Мансуров лежал на операционном столе. Хирург действовал сноровисто: противостолбнячный укол, несколько обезболивающих. Но, все равно, едва начал он накладывать швы, боль сделалась нестерпимой, обеими руками Мансуров схватился за края стола, пот лился обильными струйками, и одна из сестер осторожно вытерла дрессировщику лицо.
— Недолго осталось, — ободряюще сказал хирург. И верно, разогнулся вскоре. — А теперь домой. Спокойно лежать. Будем надеяться, что заживление пойдет нормально, и тогда дней через семь-восемь...
Спокойно лежать! Мансуров прикрыл глаза и увидел свой номер в гостинице: мягкая постель, удобный диван. И если плотно затворить дверь в тамбур,— снаружи, из коридора, ни малейшего шума.
— Самое главное — полный покой! — повторил хирург.
Но ведь вот что странно: стоило дрессировщику, мысленно обозревая свое жилье, добраться до дверей, ведущих из номера в коридор, как тотчас развернулась перед ним дорога в цирк. Вся развернулась: подъезд гостиницы, три квартала вперед по проспекту, площадь, в глубине которой здание цирка. А потом боковой служебный вход. Ворота конюшни. И сразу за ними — острый запах. Запах зверей, с которыми он привык делить жизнь, работу, успех... «Как-то Эмма? Успокоилась ли?»... Подумал об этом и тотчас услыхал — так отчетливо, будто и впрямь находился за кулисами,— нарастающий шум переполненного зала.
— Который час? — спросил Мансуров.
Хирург ответил, переглянувшись с сестрами.

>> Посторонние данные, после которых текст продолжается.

(* Let $0.5<p\le 1$, $q=1-p$ and $1-1/p\le\rho\le 0$, and set $s=\sqrt{-\rho pq}$. For a group of two contributors $u_a,u_b$, let $R_a\in\{1,-1\}$ be uniformly random and $R_b=-R_a$. Let $C_a,C_b$ be independent of each other and of $R_a$, each with distribution $\Pr[C=1.5]=p-s$, $\Pr[C=0.5]=s$, $\Pr[C=-0.5]=s$, $\Pr[C=-1.5]=q-s$. For $j\in\{a,b\}$ let $T_j=1$ if $C_j+R_j>0$ and $T_j=0$ if $C_j+R_j<0$. Then the joint distribution of $(T_a,T_b)$ is $\Pr[T_a=1,T_b=1]=p^2+\rho pq$, $\Pr[T_a=1,T_b=0]=\Pr[T_a=0,T_b=1]=(1-\rho)pq$, $\Pr[T_a=0,T_b=0]=q^2+\rho pq$.
   Context: This describes the non-colluding-server instantiation of Joint Randomized Response: the server generates $R_a,R_b$ for each group, and each contributor generates $C_j$ locally; $T_j$ indicates whether contributor $u_j$ reports truthfully. *)

theory Defs
  imports "HOL-Probability.Probability_Mass_Function"
begin

definition jrr_T :: "real \<times> real \<times> real \<Rightarrow> bool \<times> bool" where
  "jrr_T = (\<lambda>(ra, ca, cb). (ca + ra > 0, cb + (- ra) > 0))"

end

theory Submission
  imports Defs
begin

text \<open>Given \<open>R\<^sub>a = r\<close>, the indicators \<open>T\<^sub>a = [C\<^sub>a > -r]\<close> and \<open>T\<^sub>b = [C\<^sub>b > r]\<close> are
  independent coins with biases \<open>p + r s\<close> and \<open>p - r s\<close>. Averaging over \<open>r = 1, -1\<close> gives
  \<open>Pr[T\<^sub>a = T\<^sub>b = 1] = (p + s)(p - s) = p\<^sup>2 - s\<^sup>2\<close> and
  \<open>Pr[T\<^sub>a = 1, T\<^sub>b = 0] = ((p + s)(q + s) + (p - s)(q - s))/2 = p q + s\<^sup>2\<close>, where \<open>s\<^sup>2 = -\<rho> p q\<close>.\<close>

lemma map_pmf_eq_bernoulli_pmf:
  "map_pmf P M = bernoulli_pmf (measure_pmf.prob M {x. P x})"
proof (rule pmf_eqI)
  fix b :: bool
  have "measure_pmf.prob M {x. \<not> P x} = 1 - measure_pmf.prob M {x. P x}"
    using measure_pmf.prob_compl[of "{x. P x}" M] by (simp add: set_diff_eq)
  then show "pmf (map_pmf P M) b = pmf (bernoulli_pmf (measure_pmf.prob M {x. P x})) b"
    by (cases b) (simp_all add: pmf_map vimage_def)
qed

lemma set_pmf_subset_if_sum_pmf_eq_1:
  assumes "finite S" and "(\<Sum>x\<in>S. pmf M x) = 1"
  shows "set_pmf M \<subseteq> S"
proof -
  have "measure_pmf.prob M S = 1"
    using assms by (simp add: measure_measure_pmf_finite)
  then have "AE x in measure_pmf M. x \<in> S"
    by (subst (asm) measure_pmf.prob_eq_1) auto
  then show ?thesis
    by (auto simp: AE_measure_pmf_iff)
qed

lemma measure_pmf_prob_eq_sum_Int:
  assumes "set_pmf M \<subseteq> S" and "finite S"
  shows "measure_pmf.prob M X = (\<Sum>x\<in>X \<inter> S. pmf M x)"
proof -
  have "measure_pmf.prob M X = measure_pmf.prob M (X \<inter> S)"
    using assms(1) by (intro measure_prob_cong_0) (auto simp: set_pmf_eq)
  then show ?thesis
    using assms(2) by (simp add: measure_measure_pmf_finite)
qed

lemma jrr_T_threshold_form: "jrr_T = (\<lambda>(r, a, b). (a > - r, b > r))"
  by (auto simp: jrr_T_def fun_eq_iff)

lemma map_pmf_jrr_T_eq_bind_pmf:
  "map_pmf jrr_T (pair_pmf U (pair_pmf A B)) =
     bind_pmf U (\<lambda>r. pair_pmf (map_pmf (\<lambda>c. c > - r) A) (map_pmf (\<lambda>c. c > r) B))"
proof -
  have "map_pmf jrr_T (pair_pmf U (pair_pmf A B)) =
          bind_pmf U (\<lambda>r. map_pmf (\<lambda>(a, b). (a > - r, b > r)) (pair_pmf A B))"
    unfolding jrr_T_threshold_form
    by (simp add: pair_pmf_def map_pmf_def bind_assoc_pmf bind_return_pmf)
  then show ?thesis
    by (simp add: map_pair)
qed

lemma four_point_threshold_coins:
  fixes C :: "real pmf"
  assumes "pmf C (3/2) = p - s" and "pmf C (1/2) = s"
      and "pmf C (-1/2) = s" and "pmf C (-3/2) = 1 - p - s"
  shows "map_pmf (\<lambda>c. c > -1) C = bernoulli_pmf (p + s)"
    and "map_pmf (\<lambda>c. c > 1) C = bernoulli_pmf (p - s)"
proof -
  define S where "S = {3/2, 1/2, -1/2, -3/2 :: real}"
  have "set_pmf C \<subseteq> S"
    using assms by (intro set_pmf_subset_if_sum_pmf_eq_1) (simp_all add: S_def)
  then have prob: "measure_pmf.prob C X = (\<Sum>x\<in>X \<inter> S. pmf C x)" for X
    by (rule measure_pmf_prob_eq_sum_Int) (simp add: S_def)
  have "{c. c > -1} \<inter> S = {3/2, 1/2, -1/2}" and "{c. c > 1} \<inter> S = {3/2}"
    by (auto simp: S_def)
  then have "measure_pmf.prob C {c. c > -1} = p + s" and "measure_pmf.prob C {c. c > 1} = p - s"
    using assms by (simp_all add: prob)
  then show "map_pmf (\<lambda>c. c > -1) C = bernoulli_pmf (p + s)"
    and "map_pmf (\<lambda>c. c > 1) C = bernoulli_pmf (p - s)"
    unfolding map_pmf_eq_bernoulli_pmf by simp_all
qed

theorem theorem5:
  fixes p \<rho> :: real and C :: "real pmf"
  defines "q \<equiv> 1 - p"
  defines "s \<equiv> sqrt (- \<rho> * p * q)"
  assumes "1/2 < p" and "p \<le> 1" and "1 - 1/p \<le> \<rho>" and "\<rho> \<le> 0"
  assumes "pmf C (3/2) = p - s" and "pmf C (1/2) = s"
      and "pmf C (-1/2) = s" and "pmf C (-3/2) = q - s"
  defines "D \<equiv> map_pmf jrr_T (pair_pmf (pmf_of_set {1, -1 :: real}) (pair_pmf C C))"
  shows "pmf D (True, True) = p\<^sup>2 + \<rho> * p * q \<and>
         pmf D (True, False) = (1 - \<rho>) * p * q \<and>
         pmf D (False, True) = (1 - \<rho>) * p * q \<and>
         pmf D (False, False) = q\<^sup>2 + \<rho> * p * q"
proof -
  note coins = four_point_threshold_coins[OF assms(7-9) assms(10)[unfolded q_def]]
  have bounds: "0 \<le> s" "0 \<le> p - s" "p + s \<le> 1"
    using pmf_nonneg[of C "1/2"] pmf_nonneg[of C "3/2"] pmf_nonneg[of C "-3/2"] assms(7,8,10)
    unfolding q_def by linarith+
  have s_squared: "s\<^sup>2 = - \<rho> * p * q"
    unfolding s_def q_def using assms(3,4,6)
    by (intro real_sqrt_pow2) (simp add: mult_nonneg_nonpos2 mult_nonpos_nonneg)
  have pmf_D: "pmf D (x, y) =
      (pmf (bernoulli_pmf (p + s)) x * pmf (bernoulli_pmf (p - s)) y +
       pmf (bernoulli_pmf (p - s)) x * pmf (bernoulli_pmf (p + s)) y) / 2" for x y
    unfolding D_def map_pmf_jrr_T_eq_bind_pmf
    by (subst pmf_bind_pmf_of_set) (auto simp: coins pmf_pair)
  have "pmf D (True, True) = p\<^sup>2 - s\<^sup>2"
    using bounds by (simp add: pmf_D) (simp add: field_simps power2_eq_square)
  moreover have "pmf D (True, False) = p * q + s\<^sup>2" "pmf D (False, True) = p * q + s\<^sup>2"
    using bounds by (simp_all add: pmf_D q_def) (simp_all add: field_simps power2_eq_square)
  moreover have "pmf D (False, False) = q\<^sup>2 - s\<^sup>2"
    using bounds by (simp add: pmf_D q_def) (simp add: field_simps power2_eq_square)
  ultimately show ?thesis
    using s_squared by (simp add: algebra_simps)
qed

end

— Помогите мне встать, — попросил Мансуров.
Свесил ноги. Стал на ноги. Они слушались плохо.
— Помогите мне выйти... Спасибо, товарищ доктор.
Директор руками всплеснул, увидя плотно перебинтованную голову:
— Сейчас, голубчик, сейчас! Сейчас отвезу в гостиницу!
— В цирк! — перебил Мансуров.
— В таком состоянии? Думать не смей!
— Антракт кончается... Скорее в цирк!
Решимость артиста, казалось, должна была обрадовать директора: программа спасена, все пойдет дальше своим нормальным ходом... Однако директор видел перед собой человека, только что сошедшего с операционного стола, и потому вскричал, отгоняя малодушное искушение:
— Не допущу! Я тебе не изверг, не эксплуататор! Уж как-нибудь выкру чусь сам!
— Скорее в цирк! — еще требовательнее в третий раз сказал Мансу ров...
Там, в цирке, действительно, самое время было кончать антракт: все чаще в зале вспыхивали хлопки. Обычно инспектор манежа не допускал малейшей задержки, а на этот раз медлил. И озирался обеспокоенно. И униформисты толпились без дела.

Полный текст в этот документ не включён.